- **Work to be completed**: Filter the data for lines with the word "where" and copy those lines.

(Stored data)
lemma assoc_fun_add_mult_ln_le:
  assumes closed: "beurling_derivation_closed MM" and lam: "lam > 0"
  shows "\<exists>\<kappa> A. 0 < \<kappa> \<and> \<kappa> \<le> lam \<and> A \<ge> 1 \<and>
    (\<forall>t\<ge>1. assoc_fun (MM lam) t + real m * ln t \<le> assoc_fun (MM \<kappa>) (A * t))"
proof (induction m)
  case 0
  show ?case
    using lam by (intro exI[of _ lam] exI[of _ 1]) auto
next
  case (Suc m)
  then obtain \<kappa> A where \<kappa>: "0 < \<kappa>" "\<kappa> \<le> lam" and A: "A \<ge> 1"
    and IH: "\<And>t. t \<ge> 1 \<Longrightarrow> assoc_fun (MM lam) t + real m * ln t \<le> assoc_fun (MM \<kappa>) (A * t)"
    by blast
  obtain \<kappa>' A' where \<kappa>': "0 < \<kappa>'" "\<kappa>' \<le> \<kappa>" and A': "A' \<ge> 1"
    and shift: "\<And>p. MM \<kappa>' (p + 1) \<le> A' ^ (p + 1) * MM \<kappa> p"
    using closed \<kappa>(1) unfolding beurling_derivation_closed_def by blast
  have "assoc_fun (MM lam) t + real (Suc m) * ln t \<le> assoc_fun (MM \<kappa>') (A' * A * t)" if t: "t \<ge> 1" for t
  proof -
    have At: "t \<le> A * t"
      using A t by simp
    have "assoc_fun (MM lam) t + real (Suc m) * ln t = (assoc_fun (MM lam) t + real m * ln t) + ln t"
      by (simp add: algebra_simps)
    also have "\<dots> \<le> assoc_fun (MM \<kappa>) (A * t) + ln (A * t)"
      using IH[OF t] At t by (intro add_mono) auto
    also have "\<dots> \<le> assoc_fun (MM \<kappa>') (A' * (A * t))"
      using weight_sequence.assoc_fun_add_ln_le[OF weight_sequence_MM weight_sequence_MM] \<kappa> \<kappa>' A' shift At t
      by simp
    finally show ?thesis
      by (simp add: mult.assoc)
  qed
  moreover have "1 \<le> A' * A"
    using A A' by (metis mult_mono' mult_1 zero_le_one)
  ultimately show ?case
    using \<kappa> \<kappa>' by (intro exI[of _ \<kappa>'] exI[of _ "A' * A"]) auto
qed

lemma Lambda_weight_ratio_le_inverse_square:
  assumes \<kappa>: "0 < \<kappa>" "1 / real (Suc l) \<le> \<kappa>" and A: "A \<ge> 1" "A * real (Suc j) \<le> real (Suc l)"
    and shift: "\<And>t. t \<ge> 1 \<Longrightarrow>
      assoc_fun (MM (1 / real (Suc j))) t + 4 * ln t \<le> assoc_fun (MM \<kappa>) (A * t)"
    and n: "n \<ge> 1"
  shows "Lambda_weight MM j n / Lambda_weight MM l n \<le> inverse (real n ^ 2)"
proof -
  define t where "t = sqrt (real n) * real (Suc j)"
  have "1 \<le> sqrt (real n)"
    using n by simp
  moreover have n_le_t: "sqrt (real n) \<le> t"
    unfolding t_def using mult_left_mono[of 1 "real (Suc j)" "sqrt (real n)"] by simp
  ultimately have t: "1 \<le> t"
    by linarith
  have "assoc_fun (MM (1 / real (Suc j))) t + 4 * ln t \<le> assoc_fun (MM \<kappa>) (A * t)"
    using shift[OF t] .
  also have "\<dots> \<le> assoc_fun (MM \<kappa>) (sqrt (real n) * real (Suc l))"
    using \<kappa> A t mult_left_mono[OF A(2), of "sqrt (real n)"]
    by (intro assoc_fun_mono) (auto simp: t_def mult_ac)
  also have "\<dots> \<le> assoc_fun (MM (1 / real (Suc l))) (sqrt (real n) * real (Suc l))"
    using \<kappa> by (intro assoc_fun_antimono) auto
  finally have bound: "assoc_fun (MM (1 / real (Suc j))) t + 4 * ln t
      \<le> assoc_fun (MM (1 / real (Suc l))) (sqrt (real n) * real (Suc l))" .
  have "ln (real n) = 2 * ln (sqrt (real n))"
    using n by (simp add: ln_sqrt)
  moreover have "ln (sqrt (real n)) \<le> ln t"
    using n_le_t n t by (subst ln_le_cancel_iff) auto
  ultimately have "assoc_fun (MM (1 / real (Suc j))) t
      - assoc_fun (MM (1 / real (Suc l))) (sqrt (real n) * real (Suc l)) \<le> - (2 * ln (real n))"
    using bound by linarith
  then have "Lambda_weight MM j n / Lambda_weight MM l n \<le> exp (- (2 * ln (real n)))"
    by (simp add: Lambda_weight_eq t_def exp_diff[symmetric])
  also have "\<dots> = inverse (real n ^ 2)"
    using n exp_of_nat_mult[of 2 "ln (real n)"] by (simp add: exp_minus)
  finally show ?thesis .
qed

lemma derivation_closed_imp_summable:
  assumes closed: "beurling_derivation_closed MM"
  shows "\<exists>l. summable (\<lambda>k. Lambda_weight MM j k / Lambda_weight MM l k)"
proof -
  obtain \<kappa> A where \<kappa>: "0 < \<kappa>" and A: "A \<ge> 1"
    and shift: "\<And>t. t \<ge> 1 \<Longrightarrow>
      assoc_fun (MM (1 / real (Suc j))) t + 4 * ln t \<le> assoc_fun (MM \<kappa>) (A * t)"
    using assoc_fun_add_mult_ln_le[OF closed, of "1 / real (Suc j)" 4] by auto
  obtain l :: nat where l: "A * real (Suc j) + 1 / \<kappa> \<le> real l"
    using real_arch_simple by blast
  have "0 < 1 / \<kappa>" "0 \<le> A * real (Suc j)"
    using \<kappa> A by auto
  then have l_A: "A * real (Suc j) \<le> real (Suc l)" and "1 / \<kappa> \<le> real (Suc l)"
    using l by linarith+
  then have l_\<kappa>: "1 / real (Suc l) \<le> \<kappa>"
    using \<kappa> by (simp add: divide_le_eq mult.commute)
  have "eventually (\<lambda>n. norm (Lambda_weight MM j n / Lambda_weight MM l n) \<le> inverse (real n ^ 2))
      sequentially"
    using eventually_ge_at_top[of 1]
  proof eventually_elim
    case (elim n)
    then show ?case
      using Lambda_weight_ratio_le_inverse_square[OF \<kappa> l_\<kappa> A l_A shift elim]
      by (simp add: Lambda_weight_def)
  qed
  then show ?thesis
    by (intro exI[of _ l] summable_comparison_test_ev[OF _ inverse_power_summable]) auto
qed

lemma Lambda_weight_ratio_ge:
  assumes lam: "0 < lam" "1 / real (Suc j) \<le> lam"
    and s: "1 \<le> s" "s \<le> sqrt (real k)" "sqrt (real k) \<le> 2 * s"
  shows "exp (assoc_fun (MM lam) s) / exp (assoc_fun (MM (1 / real (Suc l))) (2 * real (Suc l) * s))
    \<le> Lambda_weight MM j k / Lambda_weight MM l k"
proof (rule frac_le)
  have "assoc_fun (MM lam) s \<le> assoc_fun (MM (1 / real (Suc j))) s"
    using lam by (intro assoc_fun_antimono) auto
  also have "\<dots> \<le> assoc_fun (MM (1 / real (Suc j))) (sqrt (real k) * real (Suc j))"
    using s mult_left_mono[of 1 "real (Suc j)" "sqrt (real k)"] by (intro assoc_fun_mono) auto
  finally show "exp (assoc_fun (MM lam) s) \<le> Lambda_weight MM j k"
    by (simp add: Lambda_weight_eq)
  have "assoc_fun (MM (1 / real (Suc l))) (sqrt (real k) * real (Suc l))
      \<le> assoc_fun (MM (1 / real (Suc l))) (2 * real (Suc l) * s)"
    using s mult_right_mono[OF s(3), of "real (Suc l)"] by (intro assoc_fun_mono) (auto simp: mult_ac)
  then show "Lambda_weight MM l k \<le> exp (assoc_fun (MM (1 / real (Suc l))) (2 * real (Suc l) * s))"
    by (simp add: Lambda_weight_eq)
qed (simp_all add: Lambda_weight_def)

text \<open>About \<open>s\<^sup>2\<close> indices \<open>k\<close> have \<open>s \<le> \<surd>k \<le> 2 s\<close>; summing the previous bound over
  them produces the factor \<open>s\<close>, i.e. the shift by one index in \<open>p\<close>.\<close>
lemma exp_assoc_fun_le_suminf_Lambda_weight_ratio:
  assumes lam: "0 < lam" "1 / real (Suc j) \<le> lam"
    and summable: "summable (\<lambda>k. Lambda_weight MM j k / Lambda_weight MM l k)" and s: "1 \<le> s"
  shows "s * exp (assoc_fun (MM lam) s)
    \<le> (\<Sum>k. Lambda_weight MM j k / Lambda_weight MM l k) *
       exp (assoc_fun (MM (1 / real (Suc l))) (2 * real (Suc l) * s))"
proof -
  define E where "E = exp (assoc_fun (MM lam) s) / exp (assoc_fun (MM (1 / real (Suc l))) (2 * real (Suc l) * s))"
  define K where "K = nat \<lceil>s\<^sup>2\<rceil>"
  have s_le_s2: "s \<le> s\<^sup>2"
    using s by (simp add: power2_eq_square)
  have K_ge: "s\<^sup>2 \<le> real K"
    unfolding K_def by (rule real_nat_ceiling_ge)
  have K_le: "real K \<le> 2 * s\<^sup>2"
    using s s_le_s2 by (simp add: K_def of_nat_nat) linarith
  have "E \<le> Lambda_weight MM j k / Lambda_weight MM l k" if k: "K \<le> k" "k < 2 * K" for k
    unfolding E_def
  proof (rule Lambda_weight_ratio_ge[OF lam s])
    show "s \<le> sqrt (real k)"
      using K_ge k s by (intro real_le_rsqrt) auto
    show "sqrt (real k) \<le> 2 * s"
      using K_le k s by (intro real_le_lsqrt) (auto simp: power_mult_distrib)
  qed
  then have "real K * E \<le> (\<Sum>k\<in>{K..<2 * K}. Lambda_weight MM j k / Lambda_weight MM l k)"
    using sum_mono[of "{K..<2 * K}" "\<lambda>_. E"] by simp
  also have "\<dots> \<le> (\<Sum>k. Lambda_weight MM j k / Lambda_weight MM l k)"
    using summable by (rule sum_le_suminf) (auto simp: Lambda_weight_def)
  finally have "s * E \<le> (\<Sum>k. Lambda_weight MM j k / Lambda_weight MM l k)"
    using K_ge s_le_s2 mult_right_mono[of s "real K" E] by (simp add: E_def)
  then show ?thesis
    by (simp add: E_def field_simps)
qed

lemma exp_assoc_fun_le_if_summable:
  assumes lam: "0 < lam" "1 / real (Suc j) \<le> lam"
    and summable: "summable (\<lambda>k. Lambda_weight MM j k / Lambda_weight MM l k)"
    and \<kappa>: "0 < \<kappa>" "\<kappa> \<le> 1 / real (Suc l)"
  obtains C where "C \<ge> 1"
    and "\<And>s. s > 0 \<Longrightarrow>
      s * exp (assoc_fun (MM lam) s) \<le> C * exp (assoc_fun (MM \<kappa>) (2 * real (Suc l) * s))"
proof
  define C where "C = max 1 (max (\<Sum>k. Lambda_weight MM j k / Lambda_weight MM l k)
    (exp (assoc_fun (MM lam) 1)))"
  show C: "C \<ge> 1"
    by (simp add: C_def)
  fix s :: real
  assume s: "s > 0"
  have "s * exp (assoc_fun (MM lam) s)
      \<le> C * exp (assoc_fun (MM (1 / real (Suc l))) (2 * real (Suc l) * s))"
  proof (cases "s \<ge> 1")
    case True
    then show ?thesis
      using exp_assoc_fun_le_suminf_Lambda_weight_ratio[OF lam summable True]
      by (auto simp: C_def intro: order_trans mult_right_mono)
  next
    case False
    have "s * exp (assoc_fun (MM lam) s) \<le> 1 * exp (assoc_fun (MM lam) 1)"
      using False s assoc_fun_mono[OF lam(1), of s 1] by (intro mult_mono) auto
    also have "\<dots> \<le> C * 1"
      by (simp add: C_def)
    also have "\<dots> \<le> C * exp (assoc_fun (MM (1 / real (Suc l))) (2 * real (Suc l) * s))"
      using C weight_sequence.assoc_fun_nonneg[OF weight_sequence_MM, of "1 / real (Suc l)"]
      by simp
    finally show ?thesis .
  qed
  also have "\<dots> \<le> C * exp (assoc_fun (MM \<kappa>) (2 * real (Suc l) * s))"
    using C \<kappa> by (simp add: assoc_fun_antimono)
  finally show "s * exp (assoc_fun (MM lam) s) \<le> C * exp (assoc_fun (MM \<kappa>) (2 * real (Suc l) * s))" .
qed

- **Task result**:
  then obtain \<kappa> A where \<kappa>: "0 < \<kappa>" "\<kappa> \<le> lam" and A: "A \<ge> 1"
  obtain \<kappa>' A' where \<kappa>': "0 < \<kappa>'" "\<kappa>' \<le> \<kappa>" and A': "A' \<ge> 1"
  define t where "t = sqrt (real n) * real (Suc j)"
  obtain \<kappa> A where \<kappa>: "0 < \<kappa>" and A: "A \<ge> 1"
  obtain l :: nat where l: "A * real (Suc j) + 1 / \<kappa> \<le> real l"
  define E where "E = exp (assoc_fun (MM lam) s) / exp (assoc_fun (MM (1 / real (Suc l))) (2 * real (Suc l) * s))"
  define K where "K = nat \<lceil>s\<^sup>2\<rceil>"
  obtains C where "C \<ge> 1"
  define C where "C = max 1 (max (\<Sum>k. Lambda_weight MM j k / Lambda_weight MM l k)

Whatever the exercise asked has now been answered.